Ant reports on progress since the UK’s Disability Summit

Our Programmes and Advocacy Assistant, Anthony Ford Shubrook OBE recently attended an event assessing progress since the commitments made at the UK’s disability summit last year. Here he gives his take on the discussions.

“I have recently returned from the twelfth session of the Conference of State Parties for the Convention on the Rights of People with Disabilities (CRPD). It was fascinating hearing the different experiences from individuals and organisations from around the world. I was also invited to the Department for International Development’s (DFID) side event to discuss the progress that has been made since last year’s global disability summit in London. The summit marked the start of change, with over a thousand commitments made, tackling issues ranging from ending stigma and discrimination, to making inclusive education work for all children.

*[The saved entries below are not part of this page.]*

lemma iter_int_exp_linear:
  fixes y :: "nat \<Rightarrow> real" and C :: real and D :: nat
  defines "F \<equiv> (\<lambda>x. exp ((\<Sum>i<D. y i * x i) + y D * (C - (\<Sum>i<D. x i))))"
  assumes "d + k = D" and "r = C - (\<Sum>i<d. x i)" and "r \<ge> 0"
  shows "iter_int k d r F x = exp (\<Sum>i<d. y i * x i) * divdiff_exp (Suc k) (\<lambda>i. y (d + i)) r"
  using assms(2-4)
proof (induction k arbitrary: d r x)
  case 0
  then show ?case unfolding F_def by (simp add: divdiff_exp_one_node exp_add)
next
  case (Suc k)
  have "iter_int k (Suc d) (r - t) F (x(d := t)) =
      exp (\<Sum>i<d. y i * x i) * (exp (y d * t) * divdiff_exp (Suc k) (\<lambda>i. y (d + Suc i)) (r - t))"
    if "t \<in> einterval (min 0 (ereal r)) (max 0 (ereal r))" for t
  proof -
    from that Suc.prems(3) have "0 \<le> t" "t \<le> r" by (auto simp: einterval_def)
    have sums_upd: "(\<Sum>i<d. (x(d := t)) i) = (\<Sum>i<d. x i)" "(\<Sum>i<d. y i * (x(d := t)) i) = (\<Sum>i<d. y i * x i)"
      by (auto intro: sum.cong)
    moreover have "iter_int k (Suc d) (r - t) F (x(d := t)) =
        exp (\<Sum>i<Suc d. y i * (x(d := t)) i) * divdiff_exp (Suc k) (\<lambda>i. y (Suc d + i)) (r - t)"
      by (rule Suc.IH) (use Suc.prems \<open>t \<le> r\<close> sums_upd in auto)
    ultimately show ?thesis by (simp add: exp_add)
  qed
  then have "iter_int (Suc k) d r F x =
      (LBINT t=0..r. exp (\<Sum>i<d. y i * x i) * (exp (y d * t) * divdiff_exp (Suc k) (\<lambda>i. y (d + Suc i)) (r - t)))"
    unfolding iter_int.simps by (rule interval_integral_cong)
  also have "\<dots> = exp (\<Sum>i<d. y i * x i) *
      (LBINT t=0..r. exp (y d * t) * divdiff_exp (Suc k) (\<lambda>i. y (d + Suc i)) (r - t))"
    by simp
  also have "(LBINT t=0..r. exp (y d * t) * divdiff_exp (Suc k) (\<lambda>i. y (d + Suc i)) (r - t)) =
      divdiff_exp (Suc (Suc k)) (\<lambda>i. y (d + i)) r"
    using divdiff_exp_convolution[of r "\<lambda>i. y (d + i)" k] Suc.prems(3) by simp
  finally show ?case .
qed

text \<open>The coefficient of \<open>(X - a)\<^sup>j\<close> in \<open>p\<close>, i.e. \<open>p\<^sup>(\<^sup>j\<^sup>) a / j!\<close>.\<close>
definition taylor_coeff :: "'a::comm_ring_1 \<Rightarrow> nat \<Rightarrow> 'a poly \<Rightarrow> 'a" where
  "taylor_coeff a j p = coeff (pcompose p [:a, 1:]) j"

lemma taylor_coeff_smult: "taylor_coeff a j (Polynomial.smult c p) = c * taylor_coeff a j p"
  unfolding taylor_coeff_def by (simp add: pcompose_smult)

lemma taylor_coeff_sum: "taylor_coeff a j (sum f A) = (\<Sum>i\<in>A. taylor_coeff a j (f i))"
  unfolding taylor_coeff_def by (simp add: pcompose_sum coeff_sum)

lemma pcompose_power: "pcompose (p ^ k) q = pcompose p q ^ k"
  for p q :: "'a::comm_semiring_1 poly"
  by (induction k) (simp_all add: pcompose_mult pcompose_1)

lemma taylor_coeff_monom:
  "taylor_coeff a j (monom 1 r) = (if j \<le> r then of_nat (r choose j) * a ^ (r - j) else 0)"
proof -
  have "pcompose (monom 1 r) [:a, 1:] = [:a, 1:] ^ r"
    unfolding monom_altdef pcompose_smult pcompose_power by (simp add: pcompose_pCons)
  moreover have "coeff ([:a, 1:] ^ r) j = 0" if "\<not> j \<le> r"
    using that by (intro coeff_eq_0) (simp add: degree_linear_power)
  ultimately show ?thesis unfolding taylor_coeff_def
    using coeff_linear_poly_power[of j r a 1] by auto
qed

lemma taylor_coeff_eq_sum_monom:
  assumes "degree q \<le> N"
  shows "taylor_coeff a j q = (\<Sum>d\<le>N. coeff q d * taylor_coeff a j (monom 1 d))"
proof -
  have "taylor_coeff a j q = taylor_coeff a j (\<Sum>d\<le>N. Polynomial.smult (coeff q d) (monom 1 d))"
    using poly_as_sum_of_monoms'[OF assms] by (simp add: smult_monom)
  then show ?thesis by (simp add: taylor_coeff_sum taylor_coeff_smult)
qed

lemma pcompose_shift_linear: "pcompose [:- a, 1:] [:a, 1:] = monom 1 1" for a :: "'a::comm_ring_1"
  by (simp add: pcompose_pCons monom_Suc)

lemma taylor_coeff_eq_0_if_dvd:
  assumes "[:- a, 1:] ^ k dvd q" and "j < k"
  shows "taylor_coeff a j q = 0"
proof -
  obtain r where r: "q = [:- a, 1:] ^ k * r" using assms(1) by (auto elim: dvdE)
  have "pcompose q [:a, 1:] = monom 1 k * pcompose r [:a, 1:]"
    unfolding r pcompose_mult pcompose_power pcompose_shift_linear by (simp add: monom_altdef)
  with assms(2) show ?thesis unfolding taylor_coeff_def by (simp add: coeff_monom_mult)
qed

lemma taylor_coeff_linear_power_mult: "taylor_coeff a j ([:- a, 1:] ^ j * q) = poly q a"
proof -
  have "pcompose ([:- a, 1:] ^ j * q) [:a, 1:] = monom 1 j * pcompose q [:a, 1:]"
    unfolding pcompose_mult pcompose_power pcompose_shift_linear by (simp add: monom_altdef)
  then show ?thesis unfolding taylor_coeff_def
    by (simp add: coeff_monom_mult poly_0_coeff_0[symmetric] poly_pcompose)
qed

lemma sums_taylor_coeff_monom:
  fixes a x :: real
  shows "(\<lambda>m. taylor_coeff a j (monom 1 m) / fact m * x ^ m) sums (x ^ j * exp (x * a) / fact j)"
proof -
  define f where "f m = taylor_coeff a j (monom 1 m) / fact m * x ^ m" for m
  have "f (i + j) = x ^ j / fact j * ((x * a) ^ i /\<^sub>R fact i)" for i
  proof -
    have "real ((i + j) choose j) = fact (i + j) / (fact j * fact i)"
      using binomial_fact[of j "i + j", where 'a=real] by simp
    then show ?thesis
      unfolding f_def taylor_coeff_monom by (simp add: power_add power_mult_distrib field_simps)
  qed
  then have "(\<lambda>i. f (i + j)) sums (x ^ j * exp (x * a) / fact j)"
    using sums_mult[OF exp_converges, of "x ^ j / fact j" "x * a"] by simp
  moreover have "f i = 0" if "i < j" for i
    using that unfolding f_def taylor_coeff_monom by simp
  ultimately show ?thesis unfolding f_def[symmetric] using sums_zero_iff_shift[of j f] by blast
qed

definition block_labels :: "(nat \<Rightarrow> nat) \<Rightarrow> nat \<Rightarrow> (nat \<times> nat) list" where
  "block_labels m s = concat (map (\<lambda>i. map (\<lambda>j. (i, j)) [0..<m i]) [0..<s])"

lemma block_labels_Suc: "block_labels m (Suc s) = block_labels m s @ map (\<lambda>j. (s, j)) [0..<m s]"
  unfolding block_labels_def by simp

lemma length_block_labels: "length (block_labels m s) = (\<Sum>i<s. m i)"
  by (induction s) (simp_all add: block_labels_Suc, simp add: block_labels_def)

It was apparent many challenges remain embedded in our society. There is still inadequate data on children with disabilities, particularly those living in rural and marginalised communities, who are often those in the most desperate need of support, and it is difficult to know we are providing the right support when there is insufficient data to assess the situation with. Whilst governments around the world are increasingly developing legislation to focus on empowering people with disabilities, this often has little tangible impact on those who need it most. One of the major reasons for this is many developing countries have insufficient resources and infrastructure to make these commitments a reality.

One area that it is clear governments should invest in is technology and assistive devices. Globally, only 10% of those who need assistive devices have access to them. These devices can be life changing for those who need them, however, many people in developing countries do not have access. Most devices are too expensive, and in some cases even when technology is available, it is unsuitable for their environment, such as electric wheelchairs on uneven terrain. One speaker highlighted this point by jokingly suggesting a wheelchair that makes animal noises to scare off other animals, rather than its usual horn, because he lived in a rural area with many animals around.

There appears to be intent within the international community to collaborate and move forward to enact the commitments made at the global disability summit. We need to ensure that these commitments align both with the CRPD and SDGs; this was mentioned by several speakers. We will only get there if we all work together as individuals, in civil society, and with governments. We must listen to the voices of those with disabilities, capitalise on their expertise and experience; reinforcing the idea of ‘nothing about us, without us’.

We also need to ensure laws and policies become practice; including translating national level legislation into local level policy implementation. Some important points raised during the event included the need to eradicate bureaucracies, retain momentum and incentivise progress. Furthermore, the Kenyan Minister of Sports raised the need for organisations to combine resources rather than competing and pulling in different directions.

Overall, I felt the event provided a useful platform for discussion, highlighting the progress made and momentum gained. The work AbleChildAfrica does with its partners has helped change the lives of over 17000 children, helping them gain access to education and healthcare, which gives them the opportunities open to other children. However, it is all too apparent that there is a long way to go in implementing the DFID disability strategy and ensuring that no one is left behind.”